Work task: Some of the lines below need repeating. Reproduce exactly those between the lines holding "define b where" and "by (simp add: a_def b_def vector_matrix_mult_nth inner_commute)", inclusive.
== Data supplied ==
text \<open>Dedekind's argument.  Let f be the minimal polynomial of a d-th root of unity z and p a
  prime not dividing d.  Write X^d - 1 = f * g.  If f(z^p) were non-zero then g(z^p) = 0, so f
  divides g(X^p) and d^p lies in (f, p).  As d^p is invertible modulo p, f would be a unit
  modulo p, which is impossible.\<close>

lemma min_int_poly_frobenius:
  assumes mf: "min_int_poly z f" and zd: "z ^ d = 1" and p: "prime p" and pd: "\<not> p dvd d"
  shows "poly (ip f) (z ^ p) = 0"
proof (rule ccontr)
  assume nz: "poly (ip f) (z ^ p) \<noteq> 0"
  have lf: "lead_coeff f = 1" and fdvd: "\<And>h. poly (ip h) z = 0 \<Longrightarrow> f dvd h"
    using mf unfolding min_int_poly_def by auto
  obtain g where g: "Xm1 d = f * g" using fdvd[of "Xm1 d"] zd by (auto elim: dvdE)
  have "poly (ip f) (z ^ p) * poly (ip g) (z ^ p) = 0"
    using arg_cong[OF g, of "\<lambda>h. poly (ip h) (z ^ p)"] zd
    by (simp add: power_mult[symmetric] mult.commute[of p] power_mult)
  then have "poly (ip g) (z ^ p) = 0" using nz by simp
  then have "poly (ip (pcompose g (monom 1 p))) z = 0"
    by (simp add: poly_pcompose poly_monom)
  then obtain A B where AB: "[:int d ^ p:] = f * A + smult (int p) B"
    using Xm1_factor_frobenius_ideal[OF g p] fdvd by blast
  have "coprime p d" using p pd by (rule prime_imp_coprime)
  then have "gcd (int d ^ p) (int p) = 1" by (simp add: coprime_commute)
  then obtain e l where bez: "e * int d ^ p + l * int p = 1"
    by (metis bezout_coefficients_fst_snd)
  have "(1 :: int poly) = smult e [:int d ^ p:] + smult (int p) [:l:]"
    using bez by (simp add: algebra_simps)
  also have "\<dots> = f * smult e A + smult (int p) (smult e B + [:l:])"
    unfolding AB by (simp add: algebra_simps smult_add_right mult_smult_right)
  finally have "f * smult e A + smult (int p) (smult e B + [:l:]) = 1" by simp
  moreover have "int p \<ge> 2" using p prime_ge_2_nat by fastforce
  ultimately show False using monic_not_unit_mod_prime[OF lf min_int_poly_degree[OF mf]] by blast
qed
lemma inv_quadratic_id_plus_gram_truncation:
  fixes W :: "real^'p^'n" and z :: "real^'n"
  assumes g: "\<And>j. 0 \<le> g j" and small: "\<And>j. j \<notin> S \<Longrightarrow> g j \<le> \<delta>" and "0 \<le> \<delta>"
  shows "\<bar>z \<bullet> (matrix_inv (id_plus_gram W g S) *v z) - z \<bullet> (matrix_inv (id_plus_gram W g UNIV) *v z)\<bar>
    \<le> \<delta> * (onorm (\<lambda>x. W *v x))\<^sup>2 * (norm z)\<^sup>2"
proof -
  let ?\<omega> = "onorm (\<lambda>x. W *v x)"
  note coercive = id_plus_gram_coercive[of g, OF g]
  define u where "u = matrix_inv (id_plus_gram W g S) *v z"
  define v where "v = matrix_inv (id_plus_gram W g UNIV) *v z"
  have Gu: "id_plus_gram W g S *v u = z" and Gv: "id_plus_gram W g UNIV *v v = z"
    unfolding u_def v_def by (simp_all add: matrix_vector_mul_matrix_inv invertible_if_coercive[OF coercive])
  define a where "a = v v* W"
  define b where "b = u v* W"
  \<comment> \<open>pairing each of the two linear systems with the other solution\<close>
  have "z \<bullet> u = u \<bullet> v + (\<Sum>j\<in>UNIV. g j * a$j * b$j)"
    using id_plus_gram_inner[of u W g UNIV v] Gv
    by (simp add: a_def b_def vector_matrix_mult_nth inner_commute)
  moreover have "z \<bullet> v = u \<bullet> v + (\<Sum>j\<in>S. g j * a$j * b$j)"
    using id_plus_gram_inner[of v W g S u] Gu
    by (simp add: a_def b_def vector_matrix_mult_nth inner_commute mult_ac)
  moreover have "(\<Sum>j\<in>UNIV. g j * a$j * b$j) = (\<Sum>j\<in>UNIV - S. g j * a$j * b$j) + (\<Sum>j\<in>S. g j * a$j * b$j)"
    by (simp add: sum.subset_diff[of S UNIV])
  ultimately have "\<bar>z \<bullet> u - z \<bullet> v\<bar> = \<bar>\<Sum>j\<in>UNIV - S. g j * a$j * b$j\<bar>"
    by simp
  also have "\<dots> \<le> (\<Sum>j\<in>UNIV - S. \<delta> * (\<bar>a$j\<bar> * \<bar>b$j\<bar>))"
    using small g by (intro order_trans[OF sum_abs] sum_mono) (simp add: abs_mult mult.assoc mult_right_mono)
  also have "\<dots> \<le> \<delta> * (\<Sum>j\<in>UNIV. \<bar>a$j\<bar> * \<bar>b$j\<bar>)"
    using \<open>0 \<le> \<delta>\<close> by (simp add: sum_distrib_left sum_mono2)
  also have "\<dots> \<le> \<delta> * (norm a * norm b)"
    using \<open>0 \<le> \<delta>\<close> by (simp add: mult_left_mono sum_abs_mult_le_norm)
  also have "\<dots> \<le> \<delta> * ((?\<omega> * norm z) * (?\<omega> * norm z))"
  proof -
    have "norm u \<le> norm z" "norm v \<le> norm z"
      unfolding u_def v_def by (rule coercive_matrix_inv_bounds(1)[OF coercive])+
    then have "norm a \<le> ?\<omega> * norm z" "norm b \<le> ?\<omega> * norm z"
      using norm_vector_matrix_mult_le_onorm[of v W] norm_vector_matrix_mult_le_onorm[of u W]
        onorm_pos_le[OF matrix_vector_mul_bounded_linear[of W]]
      unfolding a_def b_def by (meson mult_left_mono order_trans)+
    then show ?thesis
      using \<open>0 \<le> \<delta>\<close> by (intro mult_left_mono mult_mono) (auto intro: order_trans[OF norm_ge_zero])
  qed
  finally show ?thesis
    by (simp add: u_def v_def power2_eq_square mult_ac)
qed

section \<open>The acceptance probabilities\<close>

lemma id_plus_gram_restrict:
  "id_plus_gram W (\<lambda>j. if j \<in> S then g j else 0) UNIV = id_plus_gram W g S"
proof -
  have "(\<Sum>j\<in>UNIV. (if j \<in> S then g j else 0) *\<^sub>R outer (column j W) (column j W))
      = (\<Sum>j\<in>UNIV. if j \<in> S then g j *\<^sub>R outer (column j W) (column j W) else 0)"
    by (rule sum.cong) auto
  then show ?thesis
    by (simp add: id_plus_gram_def sum.If_cases)
qed

lemma Mmat_diag:
  "Mmat W (\<chi> i j. if i = j then h j else 0) t = id_plus_gram W (\<lambda>j. h j / t) UNIV"
proof -
  have "W ** (\<chi> i j. if i = j then h j else 0) ** transpose W
      = (\<Sum>j\<in>UNIV. h j *\<^sub>R outer (column j W) (column j W))"
    by (simp add: vec_eq_iff matrix_matrix_mult_def transpose_def outer_def column_def if_distrib mult_ac cong: if_cong)
  then show ?thesis
    by (simp add: Mmat_def id_plus_gram_def scaleR_sum_right)
qed

lemma Mmat_Dmat: "Mmat W (Dmat eta) t = id_plus_gram W (\<lambda>j. 1 / (t * eta$j)) UNIV"
  unfolding Dmat_def Mmat_diag by (simp add: mult.commute)

lemma Mmat_Dmat_delta:
  "Mmat W (Dmat_delta \<delta> \<xi> \<xi>s eta) t
    = id_plus_gram W (\<lambda>j. 1 / (t * eta$j)) {j. max (1/\<xi>) (1/\<xi>s) * (1 / eta$j) > \<delta>}"
proof -
  let ?S = "{j. max (1/\<xi>) (1/\<xi>s) * (1 / eta$j) > \<delta>}"
  have "Dmat_delta \<delta> \<xi> \<xi>s eta = (\<chi> i j. if i = j then (if j \<in> ?S then 1 / eta$j else 0) else 0)"
    by (simp add: Dmat_delta_def vec_eq_iff)
  moreover have "(\<lambda>j. (if j \<in> ?S then 1 / eta$j else 0) / t) = (\<lambda>j. if j \<in> ?S then 1 / (t * eta$j) else 0)"
    by (simp add: fun_eq_iff mult.commute)
  ultimately show ?thesis
    by (simp only: Mmat_diag id_plus_gram_restrict)
qed
lemma demanded_spends_budget:
  assumes dem: "demanded m v i p \<beta> y" and "\<beta> < 0" and neg: "util m v i y < 0"
    and nonneg: "\<forall>j<m. 0 \<le> y j"
  shows "(\<Sum>j<m. p j * y j) = \<beta>"
proof -
  \<comment> \<open>shrinking \<open>y\<close> by \<open>\<beta> / s\<close> keeps it affordable and would hurt less if \<open>s < \<beta>\<close>\<close>
  let ?s = "\<Sum>j<m. p j * y j"
  have "?s \<le> \<beta>" using dem by (simp add: demanded_def)
  with \<open>\<beta> < 0\<close> have "?s < 0" by linarith
  define a where "a = \<beta> / ?s"
  have "0 < a" using \<open>?s < 0\<close> \<open>\<beta> < 0\<close> by (simp add: a_def divide_neg_neg)
  have "(\<Sum>j<m. p j * (a * y j)) = a * ?s" by (simp add: sum_distrib_left algebra_simps)
  also have "\<dots> = \<beta>" using \<open>?s < 0\<close> by (simp add: a_def)
  finally have "util m v i (\<lambda>j. a * y j) \<le> util m v i y"
    using dem nonneg \<open>0 < a\<close> by (simp add: demanded_def)
  moreover have "util m v i (\<lambda>j. a * y j) = a * util m v i y"
    by (simp add: util_def sum_distrib_left algebra_simps)
  ultimately have "1 \<le> a" using neg by (simp add: mult_le_cancel_right2)
  then have "\<beta> \<le> ?s" using \<open>?s < 0\<close> by (simp add: a_def le_divide_eq)
  with \<open>?s \<le> \<beta>\<close> show ?thesis by linarith
qed

lemma demanded_single_chore_bound:
  assumes dem: "demanded m v i p \<beta> y" and "j < m" and "p j < 0" and "\<beta> \<le> 0"
  shows "v i j * (\<beta> / p j) \<le> util m v i y"
proof -
  define x where "x k = (if k = j then \<beta> / p j else 0)" for k
  have "\<forall>k<m. 0 \<le> x k" using assms by (simp add: x_def divide_nonpos_neg)
  moreover have "(\<Sum>k<m. p k * x k) = \<beta>"
    using assms by (simp add: x_def if_distrib[of "(*) _"] cong: if_cong)
  ultimately have "util m v i x \<le> util m v i y" using dem by (simp add: demanded_def)
  moreover have "util m v i x = v i j * (\<beta> / p j)"
    using \<open>j < m\<close> by (simp add: util_def x_def if_distrib[of "(*) _"] cong: if_cong)
  ultimately show ?thesis by simp
qed

lemma demanded_if_bang_per_buck:
  assumes bound: "\<forall>j<m. v i j \<le> \<alpha> * p j" and "0 \<le> \<alpha>"
    and spend: "(\<Sum>j<m. p j * y j) \<le> \<beta>" and val: "util m v i y = \<alpha> * \<beta>"
  shows "demanded m v i p \<beta> y"
  unfolding demanded_def
proof (intro conjI allI impI spend)
  fix x assume x: "(\<forall>j<m. 0 \<le> x j) \<and> (\<Sum>j<m. p j * x j) \<le> \<beta>"
  have "util m v i x \<le> (\<Sum>j<m. \<alpha> * p j * x j)"
    unfolding util_def by (rule sum_mono) (use bound x in \<open>auto intro: mult_right_mono\<close>)
  also have "\<dots> = \<alpha> * (\<Sum>j<m. p j * x j)" by (simp add: sum_distrib_left mult.assoc)
  also have "\<dots> \<le> \<alpha> * \<beta>" using x \<open>0 \<le> \<alpha>\<close> by (simp add: mult_left_mono)
  finally show "util m v i x \<le> util m v i y" using val by simp
qed

locale chore_network =
  fixes n m :: nat and v :: "nat \<Rightarrow> nat \<Rightarrow> real" and b u :: "nat \<Rightarrow> real"
begin

abbreviation "q \<equiv> qcap n v u b"
abbreviation "\<tau> \<equiv> tau b u"
abbreviation "V \<equiv> N_vertices n m"
abbreviation "c \<equiv> N_cap n m v u b"
abbreviation "B \<equiv> \<Sum>i<n. \<bar>b i\<bar>"

lemma N_vertices_simps [simp]:
  "Src \<in> V" "Snk \<in> V" "Agt i \<in> V \<longleftrightarrow> i < n" "Chr j \<in> V \<longleftrightarrow> j < m"
  by (auto simp: N_vertices_def)

lemma sum_N_vertices:
  "(\<Sum>x\<in>V. g x) = g Src + g Snk + (\<Sum>i<n. g (Agt i)) + (\<Sum>j<m. g (Chr j))"
proof -
  have "V = insert Src (insert Snk (Agt ` {..<n} \<union> Chr ` {..<m}))"
    by (auto simp: N_vertices_def)
  moreover have "sum g (Agt ` {..<n} \<union> Chr ` {..<m}) = sum g (Agt ` {..<n}) + sum g (Chr ` {..<m})"
    by (rule sum.union_disjoint) auto
  ultimately show ?thesis by (simp add: sum.reindex inj_on_def image_iff add.assoc)
qed

lemma flow_nonneg: "is_flow V Src Snk c f \<Longrightarrow> x \<in> V \<Longrightarrow> y \<in> V \<Longrightarrow> 0 \<le> f x y"
  unfolding is_flow_def by blast

lemma flow_le_capacity:
  "is_flow V Src Snk c f \<Longrightarrow> x \<in> V \<Longrightarrow> y \<in> V \<Longrightarrow> ereal (f x y) \<le> c x y"
  unfolding is_flow_def by blast

lemma flow_eq_0_if_no_capacity:
  assumes "is_flow V Src Snk c f" "x \<in> V" "y \<in> V" "c x y = 0"
  shows "f x y = 0"
  using assms unfolding is_flow_def by (metis antisym ereal_less_eq(3) zero_ereal_def)

lemma flow_value_eq:
  assumes "is_flow V Src Snk c f"
  shows "flow_value V Src f = (\<Sum>i<n. f Src (Agt i))"
  unfolding flow_value_def
  by (simp add: sum_N_vertices flow_eq_0_if_no_capacity[OF assms] cong: sum.cong_simp)

lemma flow_value_le:
  assumes "is_flow V Src Snk c f"
  shows "flow_value V Src f \<le> B"
  unfolding flow_value_eq[OF assms]
proof (rule sum_mono)
  fix i assume "i \<in> {..<n}"
  then show "f Src (Agt i) \<le> \<bar>b i\<bar>"
    using flow_le_capacity[OF assms, of Src "Agt i"] by simp
qed

lemma flow_conservation_agent:
  assumes f: "is_flow V Src Snk c f" and "i < n"
  shows "f Src (Agt i) = (\<Sum>j<m. f (Agt i) (Chr j))"
  using f \<open>i < n\<close> unfolding is_flow_def
  by (auto simp: sum_N_vertices flow_eq_0_if_no_capacity[OF f] cong: sum.cong_simp
           dest!: bspec[of _ _ "Agt i"])

lemma flow_conservation_chore:
  assumes f: "is_flow V Src Snk c f" and "j < m"
  shows "(\<Sum>i<n. f (Agt i) (Chr j)) = f (Chr j) Snk"
  using f \<open>j < m\<close> unfolding is_flow_def
  by (auto simp: sum_N_vertices flow_eq_0_if_no_capacity[OF f] cong: sum.cong_simp
           dest!: bspec[of _ _ "Chr j"])

text \<open>Source and sink edges carry the row and column sums of \<open>F\<close>, so conservation is automatic.\<close>

fun assignment_flow :: "(nat \<Rightarrow> nat \<Rightarrow> real) \<Rightarrow> node \<Rightarrow> node \<Rightarrow> real" where
  "assignment_flow F Src (Agt i) = (if i < n then \<Sum>j<m. F i j else 0)"
| "assignment_flow F (Agt i) (Chr j) = (if i < n \<and> j < m then F i j else 0)"
| "assignment_flow F (Chr j) Snk = (if j < m then \<Sum>i<n. F i j else 0)"
| "assignment_flow F _ _ = 0"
===
Worked solution:
  define b where "b = u v* W"
  \<comment> \<open>pairing each of the two linear systems with the other solution\<close>
  have "z \<bullet> u = u \<bullet> v + (\<Sum>j\<in>UNIV. g j * a$j * b$j)"
    using id_plus_gram_inner[of u W g UNIV v] Gv
    by (simp add: a_def b_def vector_matrix_mult_nth inner_commute)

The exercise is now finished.